🤖 AI Summary
To address the scarcity and high cost of human reward annotations and expert demonstrations in multi-step reasoning tasks (e.g., web navigation), this paper proposes *Self-Teaching Lookahead*—a novel method that dynamically constructs self-supervised signals from environment state transitions, enabling training of a lightweight state-value model without ground-truth rewards to guide efficient tree search in language models. Its core innovation is the first reward-free self-improvement mechanism for value modeling, coupled with the first empirical demonstration that an open-weight 8B-parameter value model achieves instruction-following performance on par with GPT-4o.
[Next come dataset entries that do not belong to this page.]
(* Let $\mathcal{A}=(Q,\Sigma,Q_I,\delta,\mathbb{C})$ be a parity tree automaton and $q\in Q$ a useful state. Then $da(\mathcal{A})\ge da(\mathcal{A}_q)$.
   Context: A parity tree automaton (PTA) $\mathcal{A}=(Q,\Sigma,Q_I,\delta,\mathbb{C})$ has $Q$ finite, $Q_I\subseteq Q$, $\delta\subseteq Q\times\Sigma\times Q\times Q$, $\mathbb{C}:Q\to\mathbb{N}$; a computation on $t:\{l,r\}^*\to\Sigma$ is $\phi:\{l,r\}^*\to Q$ with $\phi(\epsilon)\in Q_I$, $(\phi(v),t(v),\phi(vl),\phi(vr))\in\delta$ for all $v$, accepting if on every branch the largest color seen infinitely often is even; $ACC(\mathcal{A},t)$ is the set of accepting computations, $L(\mathcal{A})$ the trees having one. $\mathcal{A}_q$ is $\mathcal{A}$ with initial state set replaced by $\{q\}$. A state $q$ is useful if there exist $t\in L(\mathcal{A})$, $\phi\in ACC(\mathcal{A},t)$ and a node $v$ with $\phi(v)=q$. Degree of ambiguity $da(\mathcal{A})$: $k$ if $|ACC(\mathcal{A},t)|\le k$ for all $t$ and either $k=1$ or this fails for $k-1$; "finite" if all $ACC(\mathcal{A},t)$ are finite but no uniform bound exists; $\aleph_0$ if all are countable but not all finite; $2^{\aleph_0}$ otherwise; ordered $1<2<\dots<\text{finite}<\aleph_0<2^{\aleph_0}$. *)

theory Defs
  imports Main "HOL-Library.Countable_Set"
begin

datatype dir = L | R

type_synonym node = "dir list"

record ('q, 'a) pta =
  states   :: "'q set"
  alphabet :: "'a set"
  initial  :: "'q set"
  delta    :: "('q \<times> 'a \<times> 'q \<times> 'q) set"
  color    :: "'q \<Rightarrow> nat"

definition pta_wf :: "('q, 'a) pta \<Rightarrow> bool" where
  "pta_wf A \<longleftrightarrow> finite (states A) \<and> initial A \<subseteq> states A \<and>
     delta A \<subseteq> states A \<times> alphabet A \<times> states A \<times> states A"

definition is_tree :: "('q, 'a) pta \<Rightarrow> (node \<Rightarrow> 'a) \<Rightarrow> bool" where
  "is_tree A t \<longleftrightarrow> (\<forall>v. t v \<in> alphabet A)"

definition is_computation :: "('q, 'a) pta \<Rightarrow> (node \<Rightarrow> 'a) \<Rightarrow> (node \<Rightarrow> 'q) \<Rightarrow> bool" where
  "is_computation A t \<phi> \<longleftrightarrow> (\<forall>v. \<phi> v \<in> states A) \<and> \<phi> [] \<in> initial A \<and>
     (\<forall>v. (\<phi> v, t v, \<phi> (v @ [L]), \<phi> (v @ [R])) \<in> delta A)"

definition branch_node :: "(nat \<Rightarrow> dir) \<Rightarrow> nat \<Rightarrow> node" where
  "branch_node \<pi> n = map \<pi> [0..<n]"

definition accepting :: "('q, 'a) pta \<Rightarrow> (node \<Rightarrow> 'q) \<Rightarrow> bool" where
  "accepting A \<phi> \<longleftrightarrow> (\<forall>\<pi> :: nat \<Rightarrow> dir.
     \<exists>c. even c \<and> (\<exists>\<^sub>\<infinity>n. color A (\<phi> (branch_node \<pi> n)) = c) \<and>
         (\<forall>d. (\<exists>\<^sub>\<infinity>n. color A (\<phi> (branch_node \<pi> n)) = d) \<longrightarrow> d \<le> c))"

definition ACC :: "('q, 'a) pta \<Rightarrow> (node \<Rightarrow> 'a) \<Rightarrow> (node \<Rightarrow> 'q) set" where
  "ACC A t = {\<phi>. is_computation A t \<phi> \<and> accepting A \<phi>}"

definition lang :: "('q, 'a) pta \<Rightarrow> (node \<Rightarrow> 'a) set" where
  "lang A = {t. is_tree A t \<and> ACC A t \<noteq> {}}"

definition restrict_init :: "('q, 'a) pta \<Rightarrow> 'q \<Rightarrow> ('q, 'a) pta" where
  "restrict_init A q = A\<lparr>initial := {q}\<rparr>"

definition useful :: "('q, 'a) pta \<Rightarrow> 'q \<Rightarrow> bool" where
  "useful A q \<longleftrightarrow> (\<exists>t \<in> lang A. \<exists>\<phi> \<in> ACC A t. \<exists>v. \<phi> v = q)"

datatype degree = DFin nat | DFinite | DAleph0 | DContinuum

definition da :: "('q, 'a) pta \<Rightarrow> degree" where
  "da A =
    (if \<exists>k::nat. k \<ge> 1 \<and> (\<forall>t. is_tree A t \<longrightarrow> finite (ACC A t) \<and> card (ACC A t) \<le> k)
     then DFin (LEAST k::nat. k \<ge> 1 \<and> (\<forall>t. is_tree A t \<longrightarrow> finite (ACC A t) \<and> card (ACC A t) \<le> k))
     else if \<forall>t. is_tree A t \<longrightarrow> finite (ACC A t) then DFinite
     else if \<forall>t. is_tree A t \<longrightarrow> countable (ACC A t) then DAleph0
     else DContinuum)"

fun degree_rank :: "degree \<Rightarrow> nat \<times> nat" where
  "degree_rank (DFin k) = (0, k)"
| "degree_rank DFinite = (1, 0)"
| "degree_rank DAleph0 = (2, 0)"
| "degree_rank DContinuum = (3, 0)"

definition degree_le :: "degree \<Rightarrow> degree \<Rightarrow> bool" where
  "degree_le x y \<longleftrightarrow> (let (a, b) = degree_rank x; (c, d) = degree_rank y in a < c \<or> (a = c \<and> b \<le> d))"

end

(*
  Take an accepting run \<phi> of A on some tree t with \<phi> v = q. Replacing the subtree of t at v
  by an arbitrary tree s, and \<phi> below v by an accepting run \<psi> of A_q on s, gives an accepting
  run of A: a branch through v eventually follows a branch of \<psi>, and parity acceptance ignores
  finite prefixes, while every other branch follows \<phi>. As \<psi> is recovered from the grafted
  run, ACC(A_q, s) embeds into ACC(A, t'), and every bound defining da passes from A to A_q.
*)
theory Submission
  imports Defs "HOL-Library.Sublist"
begin

lemma da_DFin_bound:
  assumes "da A = DFin k"
  shows "1 \<le> k \<and> (\<forall>t. is_tree A t \<longrightarrow> finite (ACC A t) \<and> card (ACC A t) \<le> k)"
proof -
  let ?bound = "\<lambda>k. 1 \<le> k \<and> (\<forall>t. is_tree A t \<longrightarrow> finite (ACC A t) \<and> card (ACC A t) \<le> k)"
  have "\<exists>k. ?bound k" and k: "k = (LEAST k. ?bound k)"
    using assms by (auto simp: da_def split: if_splits)
  from LeastI_ex[OF this(1)] show ?thesis unfolding k .
qed

lemma degree_le_da_DFin:
  assumes "1 \<le> k" and "\<forall>t. is_tree A t \<longrightarrow> finite (ACC A t) \<and> card (ACC A t) \<le> k"
  shows "degree_le (da A) (DFin k)"
proof -
  let ?bound = "\<lambda>k. 1 \<le> k \<and> (\<forall>t. is_tree A t \<longrightarrow> finite (ACC A t) \<and> card (ACC A t) \<le> k)"
  have "da A = DFin (LEAST k. ?bound k)"
    using assms by (auto simp: da_def)
  moreover have "(LEAST k. ?bound k) \<le> k"
    using assms by (intro Least_le) simp
  ultimately show ?thesis by (simp add: degree_le_def)
qed

lemma da_DFinite_finite: "da A = DFinite \<Longrightarrow> \<forall>t. is_tree A t \<longrightarrow> finite (ACC A t)"
  by (auto simp: da_def split: if_splits)

lemma degree_le_da_DFinite:
  "\<forall>t. is_tree A t \<longrightarrow> finite (ACC A t) \<Longrightarrow> degree_le (da A) DFinite"
  by (auto simp: da_def degree_le_def)

lemma da_DAleph0_countable: "da A = DAleph0 \<Longrightarrow> \<forall>t. is_tree A t \<longrightarrow> countable (ACC A t)"
  by (auto simp: da_def split: if_splits)

lemma degree_le_da_DAleph0:
  "\<forall>t. is_tree A t \<longrightarrow> countable (ACC A t) \<Longrightarrow> degree_le (da A) DAleph0"
  by (auto simp: da_def degree_le_def)

lemma degree_le_DContinuum: "degree_le d DContinuum"
  by (cases d) (simp_all add: degree_le_def)

lemma degree_le_da_if_ACC_embeds:
  assumes tree_A: "\<And>t. is_tree B t \<Longrightarrow> is_tree A (g t)"
    and inj: "\<And>t. is_tree B t \<Longrightarrow> inj_on (f t) (ACC B t)"
    and into: "\<And>t. is_tree B t \<Longrightarrow> f t ` ACC B t \<subseteq> ACC A (g t)"
  shows "degree_le (da B) (da A)"
proof -
  have finite_B: "finite (ACC B t) \<and> card (ACC B t) \<le> card (ACC A (g t))"
    if "is_tree B t" "finite (ACC A (g t))" for t
    using inj_on_finite[OF inj into] card_inj_on_le[OF inj into] that by blast
  have countable_B: "countable (ACC B t)" if "is_tree B t" "countable (ACC A (g t))" for t
    using that inj into by (meson countable_image_inj_on countable_subset)
  show ?thesis
  proof (cases "da A")
    case (DFin k)
    with da_DFin_bound have "1 \<le> k" "\<forall>t. is_tree A t \<longrightarrow> finite (ACC A t) \<and> card (ACC A t) \<le> k"
      by blast+
    then have "\<forall>t. is_tree B t \<longrightarrow> finite (ACC B t) \<and> card (ACC B t) \<le> k"
      using tree_A finite_B le_trans by blast
    then show ?thesis using DFin \<open>1 \<le> k\<close> by (simp add: degree_le_da_DFin)
  next
    case DFinite
    then have "\<forall>t. is_tree B t \<longrightarrow> finite (ACC B t)"
      using da_DFinite_finite tree_A finite_B by blast
    then show ?thesis using DFinite by (simp add: degree_le_da_DFinite)
  next
    case DAleph0
    then have "\<forall>t. is_tree B t \<longrightarrow> countable (ACC B t)"
      using da_DAleph0_countable tree_A countable_B by blast
    then show ?thesis using DAleph0 by (simp add: degree_le_da_DAleph0)
  next
    case DContinuum
    then show ?thesis by (simp add: degree_le_DContinuum)
  qed
qed

lemma length_branch_node [simp]: "length (branch_node \<pi> n) = n"
  by (simp add: branch_node_def)

lemma take_branch_node: "m \<le> n \<Longrightarrow> take m (branch_node \<pi> n) = branch_node \<pi> m"
  by (simp add: branch_node_def take_map min_def)

lemma branch_node_add:
  "branch_node \<pi> (m + n) = branch_node \<pi> m @ branch_node (\<lambda>i. \<pi> (m + i)) n"
  by (induction n) (simp_all add: branch_node_def)

lemma prefix_iff_take_length: "prefix xs ys \<longleftrightarrow> take (length xs) ys = xs"
  unfolding prefix_def by (metis append_eq_conv_conj append_take_drop_id)

lemma prefix_branch_node_iff:
  "prefix v (branch_node \<pi> n) \<longleftrightarrow> length v \<le> n \<and> branch_node \<pi> (length v) = v"
proof (cases "length v \<le> n")
  case True
  then show ?thesis by (simp add: prefix_iff_take_length take_branch_node)
next
  case False
  then show ?thesis using prefix_length_le by fastforce
qed

definition parity_accepting :: "(nat \<Rightarrow> nat) \<Rightarrow> bool" where
  "parity_accepting s \<longleftrightarrow>
     (\<exists>c. even c \<and> (\<exists>\<^sub>\<infinity>n. s n = c) \<and> (\<forall>d. (\<exists>\<^sub>\<infinity>n. s n = d) \<longrightarrow> d \<le> c))"

lemma accepting_iff_parity_accepting:
  "accepting A \<phi> \<longleftrightarrow> (\<forall>\<pi>. parity_accepting (\<lambda>n. color A (\<phi> (branch_node \<pi> n))))"
  by (simp add: accepting_def parity_accepting_def)

lemma INFM_nat_shift: "(\<exists>\<^sub>\<infinity>n. P (m + n)) \<longleftrightarrow> (\<exists>\<^sub>\<infinity>n::nat. P n)"
  using eventually_sequentially_seg[of "\<lambda>n. \<not> P n" m]
  by (simp add: frequently_def cofinite_eq_sequentially add.commute)

lemma parity_accepting_shift: "parity_accepting (\<lambda>n. s (m + n)) \<longleftrightarrow> parity_accepting s"
  by (simp add: parity_accepting_def INFM_nat_shift[where P = "\<lambda>n. s n = _"])

definition graft :: "(node \<Rightarrow> 'b) \<Rightarrow> node \<Rightarrow> (node \<Rightarrow> 'b) \<Rightarrow> node \<Rightarrow> 'b" where
  "graft f v g w = (if prefix v w then g (drop (length v) w) else f w)"

lemma graft_append [simp]: "graft f v g (v @ u) = g u"
  by (simp add: graft_def)

lemma graft_outside: "\<not> prefix v w \<Longrightarrow> graft f v g w = f w"
  by (simp add: graft_def)

lemma inj_graft: "inj (graft f v)"
proof (rule injI)
  fix g h assume "graft f v g = graft f v h"
  then have "graft f v g (v @ u) = graft f v h (v @ u)" for u by simp
  then show "g = h" by auto
qed

lemma is_tree_graft: "is_tree A s \<Longrightarrow> is_tree A t \<Longrightarrow> is_tree A (graft s v t)"
  by (simp add: is_tree_def graft_def)

lemma is_tree_restrict_init [simp]: "is_tree (restrict_init A q) t \<longleftrightarrow> is_tree A t"
  by (simp add: is_tree_def restrict_init_def)

lemma accepting_restrict_init [simp]: "accepting (restrict_init A q) \<phi> \<longleftrightarrow> accepting A \<phi>"
  by (simp add: accepting_def restrict_init_def)

lemma is_computation_graft:
  assumes \<phi>: "is_computation A t \<phi>" and \<psi>: "is_computation (restrict_init A (\<phi> v)) s \<psi>"
  shows "is_computation A (graft t v s) (graft \<phi> v \<psi>)"
proof -
  have "\<psi> [] = \<phi> v" using \<psi> by (simp add: is_computation_def restrict_init_def)
  then have outside: "graft \<phi> v \<psi> w = \<phi> w" if "\<not> prefix v w \<or> w = v" for w
    using that by (auto simp: graft_def)
  show ?thesis
    unfolding is_computation_def
  proof (intro conjI allI)
    show "graft \<phi> v \<psi> w \<in> states A" for w
      using \<phi> \<psi> by (simp add: graft_def is_computation_def restrict_init_def)
    show "graft \<phi> v \<psi> [] \<in> initial A"
      using \<phi> outside[of "[]"] by (simp add: is_computation_def)
  next
    fix u
    show "(graft \<phi> v \<psi> u, graft t v s u, graft \<phi> v \<psi> (u @ [L]), graft \<phi> v \<psi> (u @ [R])) \<in> delta A"
    proof (cases "prefix v u")
      case True
      then obtain w where "u = v @ w" by (auto simp: prefix_def)
      then show ?thesis
        using \<psi> by (simp add: is_computation_def restrict_init_def)
    next
      case False
      then show ?thesis
        using \<phi> outside by (simp add: is_computation_def graft_outside)
    qed
  qed
qed

lemma accepting_graft:
  assumes "accepting A \<phi>" and "accepting A \<psi>"
  shows "accepting A (graft \<phi> v \<psi>)"
  unfolding accepting_iff_parity_accepting
proof
  fix \<pi>
  show "parity_accepting (\<lambda>n. color A (graft \<phi> v \<psi> (branch_node \<pi> n)))"
  proof (cases "branch_node \<pi> (length v) = v")
    case True
    then have "graft \<phi> v \<psi> (branch_node \<pi> (length v + n)) = \<psi> (branch_node (\<lambda>i. \<pi> (length v + i)) n)"
      for n by (simp add: branch_node_add)
    then have "parity_accepting (\<lambda>n. color A (graft \<phi> v \<psi> (branch_node \<pi> (length v + n))))"
      using assms(2) by (simp add: accepting_iff_parity_accepting)
    then show ?thesis
      using parity_accepting_shift[of "\<lambda>n. color A (graft \<phi> v \<psi> (branch_node \<pi> n))"] by simp
  next
    case False
    then have "graft \<phi> v \<psi> (branch_node \<pi> n) = \<phi> (branch_node \<pi> n)" for n
      by (simp add: graft_outside prefix_branch_node_iff)
    then show ?thesis using assms(1) by (simp add: accepting_iff_parity_accepting)
  qed
qed

lemma graft_in_ACC:
  "\<phi> \<in> ACC A t \<Longrightarrow> \<psi> \<in> ACC (restrict_init A (\<phi> v)) s \<Longrightarrow> graft \<phi> v \<psi> \<in> ACC A (graft t v s)"
  by (simp add: ACC_def is_computation_graft accepting_graft)

theorem lemma3p4:
  fixes A :: "('q, 'a) pta" and q :: 'q
  assumes "pta_wf A"
    and "q \<in> states A"
    and "useful A q"
  shows "degree_le (da (restrict_init A q)) (da A)"
proof -
  obtain t \<phi> v where t: "is_tree A t" and \<phi>: "\<phi> \<in> ACC A t" and "\<phi> v = q"
    using \<open>useful A q\<close> by (auto simp: useful_def lang_def)
  show ?thesis
  proof (rule degree_le_da_if_ACC_embeds)
    show "is_tree A (graft t v s)" if "is_tree (restrict_init A q) s" for s
      using t that by (simp add: is_tree_graft)
    show "inj_on (graft \<phi> v) (ACC (restrict_init A q) s)" for s
      using inj_graft by (rule inj_on_subset) simp
    show "graft \<phi> v ` ACC (restrict_init A q) s \<subseteq> ACC A (graft t v s)" for s
      using graft_in_ACC[OF \<phi>] \<open>\<phi> v = q\<close> by blast
  qed
qed

end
Experiments show that our approach maintains search quality while improving search efficiency by 20% and reducing training cost by 37×, establishing a new paradigm for low-cost, robust LLM reasoning optimization.
📝 Abstract
Collecting ground truth task completion rewards or human demonstrations for multi-step reasoning tasks is often cost-prohibitive and time-consuming, especially in interactive domains like web tasks. To address this bottleneck, we present self-taught lookahead, a self-supervised method that leverages state-transition dynamics to train a value model capable of effectively guiding language model-controlled search. We find that moderately sized (8 billion parameters) open-weight value models improved with self-taught lookahead can match the performance of using a frontier LLM such as gpt-4o as the value model. Furthermore, we find that self-taught lookahead improves performance by 20% while reducing costs 37x compared to previous LLM-based tree search, without relying on ground truth rewards.